Pregunta 4: ¿Puede desaparecer la varices esofágicas por sí sola?
No. Las venas no se "estrechan" por sí solas. El único caso es si se logra eliminar completamente la causa de la hipertensión portal (por ejemplo, curar la hepatitis viral C y lograr la regresión de la fibrosis). Pero incluso entonces las venas permanecen como "memoria" — pueden volver a dilatarse en caso de recaída. Por lo tanto, incluso después de normalizar los indicadores hepáticos, el paciente debe estar bajo observación durante al menos 2 años.

(0–1 mes):**

Error nº 1: "No siento nada, así que todo está bien".

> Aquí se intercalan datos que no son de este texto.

fun mis :: "real \<Rightarrow> nat \<Rightarrow> real \<Rightarrow> real \<Rightarrow> nat \<Rightarrow> real \<times> real" where
  "mis S zeta phi x 0 = (max x (-S), max x (-S))"
| "mis S zeta phi x (Suc n) =
     (let u = fst (mis S zeta phi x n); s = snd (mis S zeta phi x n);
          u' = max (phi * (1 + s / S) ^ (1 + zeta) * u) (- s - S)
      in (u', s + u'))"

definition mi_u :: "real \<Rightarrow> nat \<Rightarrow> real \<Rightarrow> nat \<Rightarrow> real \<Rightarrow> real" where
  "mi_u S zeta phi n x = fst (mis S zeta phi x n)"

definition mi_s :: "real \<Rightarrow> nat \<Rightarrow> real \<Rightarrow> nat \<Rightarrow> real \<Rightarrow> real" where
  "mi_s S zeta phi n x = (\<Sum>k\<le>n. mi_u S zeta phi k x)"

definition admissible :: "real \<Rightarrow> nat \<Rightarrow> real \<Rightarrow> bool" where
  "admissible S zeta phi \<longleftrightarrow>
     (\<exists>R>0. \<forall>x. -R < x \<and> x < R \<longrightarrow> summable (\<lambda>n. mi_u S zeta phi n x))"

lemma mi_u_0: "mi_u S zeta phi 0 x = max x (-S)"
  by (simp add: mi_u_def)

lemma mis_snd: "snd (mis S zeta phi x n) = mi_s S zeta phi n x"
  by (induction n) (auto simp: mi_s_def mi_u_def Let_def)

lemma mi_u_Suc: "mi_u S zeta phi (Suc n) x =
   max (phi * (1 + mi_s S zeta phi n x / S) ^ (1 + zeta) * mi_u S zeta phi n x)
       (- mi_s S zeta phi n x - S)"
  by (simp add: mi_u_def Let_def mis_snd[symmetric])

end

theory Submission
  imports Defs
begin

text \<open>
  For \<open>\<phi> \<ge> 1\<close> and a start \<open>x > 0\<close> every factor \<open>\<phi> (1 + s_n/S)^(1+\<zeta>)\<close> is at least 1,
  so \<open>u_n \<ge> x\<close> for all \<open>n\<close> and the series diverges.

  For \<open>|\<phi>| < 1\<close> choose \<open>d > 0\<close> with \<open>q = |\<phi>| (1 + d)^(1+\<zeta>) < 1\<close>. As long as
  \<open>|s_n| \<le> d S\<close> the next impact satisfies \<open>|u_(n+1)| \<le> q |u_n|\<close>, and for small \<open>|x|\<close> the
  resulting geometric decay keeps \<open>|s_n| \<le> |x| / (1 - q)\<close> inside that window forever.

  For \<open>\<phi> < 0\<close> the normalised position \<open>a_n = 1 + s_n/S \<ge> 0\<close> oscillates: its increments
  alternate in sign, so (possibly after dropping the first term) \<open>a_(2k)\<close> are the peaks and
  \<open>a_(2k+1)\<close> the troughs of the path. Each swing is the previous one multiplied by
  \<open>-\<phi> a^(1+\<zeta>)\<close> at the turning point between them, so turning points below the level where this
  factor is 1 damp the oscillation and those above it amplify it. Hence peaks and troughs are
  eventually monotone and, when \<open>s_n\<close> is bounded, convergent; passing to the limit in the recursion
  shows that the two limits coincide, so \<open>s_n\<close> converges.
\<close>

lemma LIMSEQ_even_odd:
  fixes X :: "nat \<Rightarrow> 'a::topological_space"
  assumes even: "(\<lambda>n. X (2 * n)) \<longlonglongrightarrow> L" and odd: "(\<lambda>n. X (2 * n + 1)) \<longlonglongrightarrow> L"
  shows "X \<longlonglongrightarrow> L"
proof (rule topological_tendstoI)
  fix U assume "open U" "L \<in> U"
  then have "eventually (\<lambda>n. X (2 * n) \<in> U \<and> X (2 * n + 1) \<in> U) sequentially"
    using even odd by (intro eventually_conj topological_tendstoD)
  then obtain N where N: "\<And>n. N \<le> n \<Longrightarrow> X (2 * n) \<in> U \<and> X (2 * n + 1) \<in> U"
    by (auto simp: eventually_sequentially)
  show "eventually (\<lambda>n. X n \<in> U) sequentially"
    unfolding eventually_sequentially
  proof (intro exI allI impI)
    fix n assume n: "2 * N \<le> n"
    show "X n \<in> U"
    proof (cases "even n")
      case True
      then obtain k where "n = 2 * k" ..
      with n N[of k] show ?thesis by simp
    next
      case False
      then obtain k where "n = 2 * k + 1" by (rule oddE)
      with n N[of k] show ?thesis by simp
    qed
  qed
qed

La varices del esófago no dan síntomas hasta el momento de la hemorragia. Los pacientes con cirrosis deben someterse a una endoscopia digestiva alta al menos una vez al año, incluso si no tienen quejas. Ejemplo: hombre de 52 años, bebía "los fines de semana", no trató la hepatitis C, se negó a la endoscopia "porque se siente bien". A los 8 meses: vómito con sangre, reanimación, muerte. Se puede evitar: elabore un calendario de exámenes y péguelo en el refrigerador.

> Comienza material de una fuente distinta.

lemma colour_switch:
  assumes "p \<in> nd_vertices n" "q = nd_vertex n (int p + nd_half n (int c1 + int c2))"
    and "c1 \<in> nd_colours n" "c2 \<in> nd_colours n" "c1 \<noteq> c2" "c1 \<in> K" "c2 \<in> K"
    and "p \<notin> W" "q \<notin> W" "finite W" "finite K" "4 * card W + 4 * card K + 9 \<le> 2 * n"
  shows "\<exists>C0. card C0 = 2 \<and> C0 \<subseteq> nd_colours n - K \<and>
    (\<forall>c\<in>{c1, c2}. \<exists>P. is_xy_path n p q 3 P \<and> rainbow n (C0 \<union> {c}) P \<and> set P \<inter> W = {})"
proof -
  define a1 a2 e s where "a1 = int c1" and "a2 = int c2" and "e = int p"
    and "s = nd_half n (a1 + a2)"
  define f where "f = e + s"
  note not_dvd = nd_colours_not_dvd[OF assms(3-5), folded a1_def a2_def]
    nd_half_sum_not_dvd[OF assms(3-5), folded a1_def a2_def, folded s_def]
  have "nd_vertex n e \<noteq> nd_vertex n f"
    using not_dvd(5) by (simp add: f_def nd_vertex_eq_iff)
  moreover have "nd_vertex n e = p" "nd_vertex n f = q"
    using assms(1,2) by (simp_all add: e_def f_def s_def a1_def a2_def nd_vertices_def)
  ultimately have ef: "nd_vertex n e = p" "nd_vertex n f = q" "nd_vertex n e \<noteq> nd_vertex n f"
    by simp_all
  let ?W = "insert p (insert q W)"
  have "4 * card ?W + 4 * card K + 1 \<le> 2 * n" "finite ?W"
    using card_insert_le_Suc[of p "insert q W"] card_insert_le_Suc[of q W] assms(10,12) by auto
  then obtain t where t: "nd_vertex n (e + t) \<notin> ?W" "nd_vertex n (e + a1 + t) \<notin> ?W"
      "nd_vertex n (e - t) \<notin> ?W" "nd_vertex n (e + a2 - t) \<notin> ?W" "nd_colour n t \<notin> K"
      "nd_colour n (s - a1 - t) \<notin> K" "nd_colour n t \<noteq> nd_colour n (s - a1 - t)"
    using ex_switch_parameter[OF not_dvd(6) _ assms(11), where e = e and a = a1 and b = a2] by blast
  define P1 P2 where "P1 = switch_path n e a1 t f" and "P2 = switch_path n e a2 (- t) f"
  have paths: "is_xy_path n p q 3 P1" "is_xy_path n p q 3 P2"
      "interior P1 \<inter> ?W = {}" "interior P2 \<inter> ?W = {}"
    using is_xy_path_switch_path[of n e f _ _ ?W] not_dvd(1,2) t(1-4) ef
    by (simp_all add: P1_def P2_def)
  have "nd_colour n (s - a2 - - t) = nd_colour n (s - a1 - t)"
    using nd_modulus_dvd_double_nd_half[of n "a1 + a2"]
    by (intro nd_colour_switch_last_edges) (simp add: s_def)
  then have colours: "path_colours n P1 = [nd_colour n t, c1, nd_colour n (s - a1 - t)]"
      "path_colours n P2 = [nd_colour n t, c2, nd_colour n (s - a1 - t)]"
    using assms(3,4) by (simp_all add: P1_def P2_def path_colours_switch_path f_def
        a1_def a2_def nd_colours_def)
  define C0 where "C0 = {nd_colour n t, nd_colour n (s - a1 - t)}"
  have "card C0 = 2"
    using t(7) by (simp add: C0_def)
  moreover have "C0 \<subseteq> nd_colours n - K"
    using path_colours_subset_nd_colours[OF paths(1)] colours(1) t(5,6) by (auto simp: C0_def)
  moreover have "rainbow n (C0 \<union> {c1}) P1" "rainbow n (C0 \<union> {c2}) P2"
    using colours t(5-7) assms(6,7) by (auto simp: rainbow_def C0_def)
  moreover have "set P1 \<inter> W = {}" "set P2 \<inter> W = {}"
    using set_eq_interior[OF paths(1)] set_eq_interior[OF paths(2)] paths(3,4) assms(8,9) by auto
  ultimately show ?thesis
    using paths(1,2) by blast
qed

Error nº 2: Autoadministración de AINEs en caso de dolor en las articulaciones.
Ibuprofeno, diclofenaco, nimesulida: todos irritan la mucosa y reducen la coagulación. En su lugar, paracetamol (si no hay insuficiencia hepática) o geles locales (por ejemplo, finalgon). Asegúrese de consultar con un gastroenterólogo antes de tomar cualquier medicamento.
Error nº 3: Negarse a los β-bloqueadores debido a "presión baja".

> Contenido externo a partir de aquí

lemma boundary_point_in_closure_horoball_b:
  assumes x: "x \<notin> \<Omega>" "x \<in> closure \<Omega>" and R: "0 < R"
  shows "x \<in> closure (horoball_b \<Omega> (\<psi> 0) x R)"
proof -
  obtain e where e: "e \<in> boundary_fibre x"
    using boundary_fibre_nonempty[OF x(2)] by blast
  have e1: "cmod e = 1"
    using norm_boundary_fibre[OF x(1) e] .
  have "eventually (\<lambda>t. t \<in> {max 0 (1 - R/8)<..<1}) (at_left (1::real))"
    using R by (intro eventually_at_left_real) simp
  then have "eventually (\<lambda>t. \<psi> (of_real t * e) \<in> horoball_b \<Omega> (\<psi> 0) x R) (at_left 1)"
  proof (rule eventually_mono)
    fix t :: real
    assume t: "t \<in> {max 0 (1 - R/8)<..<1}"
    have "1 - t\<^sup>2 = (1 - t) * (1 + t)"
      by (simp add: power2_eq_square algebra_simps)
    also have "\<dots> \<le> (1 - t) * 2"
      using t by (intro mult_left_mono) auto
    finally have "ln (4 * (1 - t\<^sup>2)) < ln R"
      using t R by (intro ln_less_cancel_iff[THEN iffD2]) (auto simp: abs_square_less_1)
    moreover have "Liminf (at x within \<Omega>) (\<lambda>w. ereal (kobayashi \<Omega> (\<psi> (of_real t * e)) w - kobayashi \<Omega> (\<psi> 0) w))
        \<le> ereal ((1/2) * ln (4 * (1 - t\<^sup>2)))"
      using frequently_kobayashi_diff_le[OF x(1) e, of t] t
      by (intro Liminf_le_of_frequently) (auto elim: frequently_elim1)
    ultimately have "Liminf (at x within \<Omega>) (\<lambda>w. ereal (kobayashi \<Omega> (\<psi> (of_real t * e)) w - kobayashi \<Omega> (\<psi> 0) w))
        < ereal (ln R / 2)"
      by (simp add: le_less_trans)
    then show "\<psi> (of_real t * e) \<in> horoball_b \<Omega> (\<psi> 0) x R"
      using g_psi_radial[OF e1, of t] t by (auto simp: horoball_b_def)
  qed
  moreover have "((\<lambda>t. \<psi> (of_real t * e)) \<longlongrightarrow> x) (at_left 1)"
    using radial_limit[OF x(1) e] by (simp add: filterlim_at)
  ultimately show ?thesis
    by (intro Lim_in_closed_set[OF closed_closure _ trivial_limit_at_left_real])
       (auto elim: eventually_mono intro: closure_subset[THEN subsetD])
qed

Los pacientes a menudo dicen: "Tengo presión 100/60, ¿para qué necesito propranolol?". Pero aquí lo importante no es la presión arterial sistémica, sino la presión en la vena porta. Los β-bloqueadores reducen precisamente esta, y la dosis se ajusta para que la frecuencia cardíaca no caiga por debajo de 55 latidos por minuto. Si siente debilidad, no deje el medicamento, sino consulte a un médico para ajustar la dosis.
Error nº 4: Ignorar la dieta y el régimen alimenticio.
Incluso después de una ligadura exitosa, las venas permanecen frágiles. Una porción de pimientos picantes o un trozo de pan duro puede provocar una ruptura. Lleve un diario: anote todo lo que come y marque cuándo tuvo molestias o acidez. Esto ayudará a identificar los desencadenantes.

Conclusión

La dilatación varicosa de las venas del esófago no es una sentencia, sino una señal: su hígado está trabajando al límite y el cuerpo busca vías alternativas. Lo principal es no esperar a la hemorragia, sino actuar con anticipación. Si tiene cirrosis, ascitis o hepatitis crónica, hágase una endoscopia hoy, no "cuando tenga tiempo". La ligadura es segura, efectiva y está disponible en la mayoría de los hospitales urbanos. Los β-bloqueadores son medicamentos baratos, probados durante años, que salvan vidas. Y lo más importante: no está solo. En nuestra clínica, mensualmente ayudamos a más de 200 pacientes con este diagnóstico, y la mayoría de ellos llevan una vida plena, trabajan, disfrutan, ven a sus nietos. Recuerde: la varices del esófago no es una enfermedad, sino una consecuencia. Trate la causa, controle la presión, cuídese, y podrá mantener la situación bajo control durante muchos años.